The tableting machine used for compression molding is not particularly limited, but a rotary tableting machine is preferably used, and the compression molding pressure is preferably 300 kgf to 2000 kgf.

  Further, when the topiramate-containing solid preparation of the present invention contains a film, the film contains a coating agent containing a light-shielding compound (as defined above) in a suitable solvent such as water, methanol, ethanol, 2-propanol, ethyl acetate. , Ethyl lactate, acetone, methylene chloride, 1,1,1-trichloroethane, etc. or a mixed solvent thereof or the like can be obtained by spraying and coating the raw material with a coating solution. The coating apparatus at this time is not particularly limited, but the coating apparatus for coating fine granules or granules is preferably a fluidized bed coating drying apparatus, a centrifugal fluidized granulator, a rolling fluidized coating drying apparatus. Etc. are used. The coating apparatus for coating tablets is not particularly limited, but a drum type film coating drying apparatus or a fluidized bed coating apparatus is preferably used.

  The method for producing a topiramate-containing solid preparation of the present invention can contain a high content of drug. For example, in the case of a tablet, a preparation having a practically sufficient tablet hardness and a rapid dissolution rate can be obtained. The amount of topiramate used in the topiramate-containing solid preparation of the present invention is, for example, preferably 30 to 200 mg in one tablet, preferably 5 to 80% by mass, more preferably 10 to 60% by mass in the tablet.

The method for stabilizing a solid preparation containing topiramate according to the present invention comprises using a topiramate crystal having a volume average particle size of 1.0 to 100.0 μm as the topiramate used in the method for producing a solid preparation containing topiramate. More preferably, topiramate crystals having a volume average particle diameter of 30.0 to 80.0 μm are used.
In general, it is known that if the particle diameter of the crystal is reduced, the specific surface area is increased, and hydrolysis and the like are likely to proceed. It has been found that a solid preparation containing topiramate can be stabilized by reducing the diameter.

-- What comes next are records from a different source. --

lemma no_bloc_voters_nominated:
  assumes v: "valid_msgs p m" and p: "p \<ge> 1" and nb: "\<not> has_bloc p m"
  obtains a j where "a \<in> agents p" "j \<in> snd (m a)" "j \<in> voters p m z"
proof -
  obtain w where zw: "z \<noteq> w" by (metis opt.distinct(1))
  have "nomination_count p m (agents p - voters p m z) < (2*p+1)*p"
    using no_bloc_nomination_count_less[OF v p nb, of w] by (simp add: voters_other[OF zw])
  then have "nomination_count p m (voters p m z) \<noteq> 0"
    using nomination_count_Diff[OF v, of "voters p m z"] by simp
  then have "\<exists>a\<in>agents p. snd (m a) \<inter> voters p m z \<noteq> {}"
    by (auto simp: nomination_count_def card_gt_0_iff)
  with that show thesis by blast
qed

lemma nash_eq_has_bloc:
  assumes ne: "nash_eq p R m" and p: "p \<ge> 1"
  shows "has_bloc p m"
proof (rule ccontr)
  assume nb: "\<not> has_bloc p m"
  have v: "valid_msgs p m" using nash_eq_valid[OF ne] .
  obtain z where majority: "p + 1 \<le> card (voters p m z)" using ex_majority_voters by blast
  define Z where "Z = voters p m z"
  obtain a j where a: "a \<in> agents p" and j: "j \<in> snd (m a)" "j \<in> Z"
    using no_bloc_voters_nominated[OF v p nb] unfolding Z_def by blast
  have sincere: "fst (m k) = top (R k)" if "b \<in> agents p" "k \<in> snd (m b)" for b k
    using nash_eq_no_bloc_nominee_votes_top[OF ne nb p that] .
  define S where "S = {k\<in>Z. top (R k) = z}"
  have "j \<in> S" using sincere[OF a j(1)] j(2) by (simp add: S_def Z_def voters_def)
  moreover have "snd (m s) \<subseteq> S" if s: "s \<in> S" for s
  proof -
    have sZ: "s \<in> Z" "top (R s) = z" and sI: "s \<in> agents p"
      using s voters_subset_agents by (auto simp: S_def Z_def)
    have "card (Z - {s}) = card Z - 1"
      using sZ(1) voters_subset_agents by (simp add: Z_def finite_subset)
    then have "snd (m s) \<subseteq> Z"
      using nash_eq_no_bloc_nominates_own_side[OF ne nb p sI] majority sZ by (simp add: Z_def)
    then show ?thesis using sincere[OF sI] by (auto simp: S_def Z_def voters_def)
  qed
  ultimately have "is_bloc p m z S"
    unfolding is_bloc_iff[OF v] using voters_subset_agents by (auto simp: S_def Z_def voters_def)
  with nb show False by blast
qed

lemma card_top_Maj: "p + 1 \<le> card {i\<in>agents p. top (R i) = Maj p R}"
proof -
  define Sa where "Sa = {i\<in>agents p. (OA, OB) \<in> R i}"
  have "{i\<in>agents p. top (R i) = OA} = Sa" "{i\<in>agents p. top (R i) = OB} = agents p - Sa"
    by (auto simp: Sa_def top_def)
  moreover have "card (agents p - Sa) = 2*p+1 - card Sa" "card Sa \<le> 2*p+1"
    using card_mono[of "agents p" Sa] by (simp_all add: card_Diff_subset Sa_def)
  ultimately show ?thesis by (simp add: Maj_def Sa_def[symmetric]) linarith
qed

definition minimal_bloc :: "nat \<Rightarrow> (nat \<Rightarrow> message) \<Rightarrow> opt \<Rightarrow> nat set \<Rightarrow> bool" where
  "minimal_bloc p m x B \<longleftrightarrow> is_bloc p m x B \<and> (\<forall>B'. is_bloc p m x B' \<longrightarrow> card B \<le> card B')"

  In addition, the present inventors blended an additive (as defined above) which is a carboxylate, calcium carbonate, sodium carbonate, magnesium carbonate, calcium silicate, magnesium silicate, magnesium aluminate silicate, dipotassium phosphate, etc. It has also been found that the stability of the topiramate-containing solid preparation can be further improved. The inventors of the present application paid attention to the decomposition mechanism of topiramate and tried to suppress the promotion of the decomposition reaction. That is, when topiramate is stored under warm and humid conditions, acid is generated by hydrolysis of sulfamine. The presence of the acid further promotes hydrolysis, resulting in autocatalytic and accelerated degradation. Therefore, in the present invention, when various additives were blended and an attempt was made to suppress the decomposition of topiramate, the additive as a carboxylate (as defined above), calcium carbonate, sodium carbonate, magnesium carbonate, calcium silicate , Magnesium silicate, magnesium aluminate, dipotassium phosphate, etc., preferably a carboxylate additive coexisting in the formulation, it was found that the blackening caused by the decomposition of topiramate can be further suppressed .

  The inventors of the present invention also provide a coating composition containing a compound exhibiting light-shielding properties, wherein the topiramate-containing solid preparation of the present invention is a solid preparation containing a topiramate-containing raw preparation and a film covering the raw preparation. It has also been found that the stability of a topiramate formulation can be further improved by being a solid formulation containing a film formed by coating. In this case, the additive containing the carboxylate (as defined above), calcium carbonate, sodium carbonate, magnesium carbonate, calcium silicate, magnesium silicate, magnesium aluminate silicate, dipotassium phosphate Etc. (preferably, an additive which is a carboxylate (as defined above)) is more preferably blended.

  Hereinafter, the present invention will be described in more detail based on examples and test examples, but the present invention is not limited to these examples and test examples.

Reference example 1
The topiramate before pulverization obtained by the conventional method was pulverized using a hammer mill (sample mill / Fuji powder) at a screen hole diameter of 1 mm and a screw rotation speed of 18 rpm. Using an image analyzer (TMN-1528-01; Olympus Optical Co., Ltd.), the particle diameter (volume average diameter, ferret diameter) of topiramate before and after pulverization was measured. The results are shown in Table 1.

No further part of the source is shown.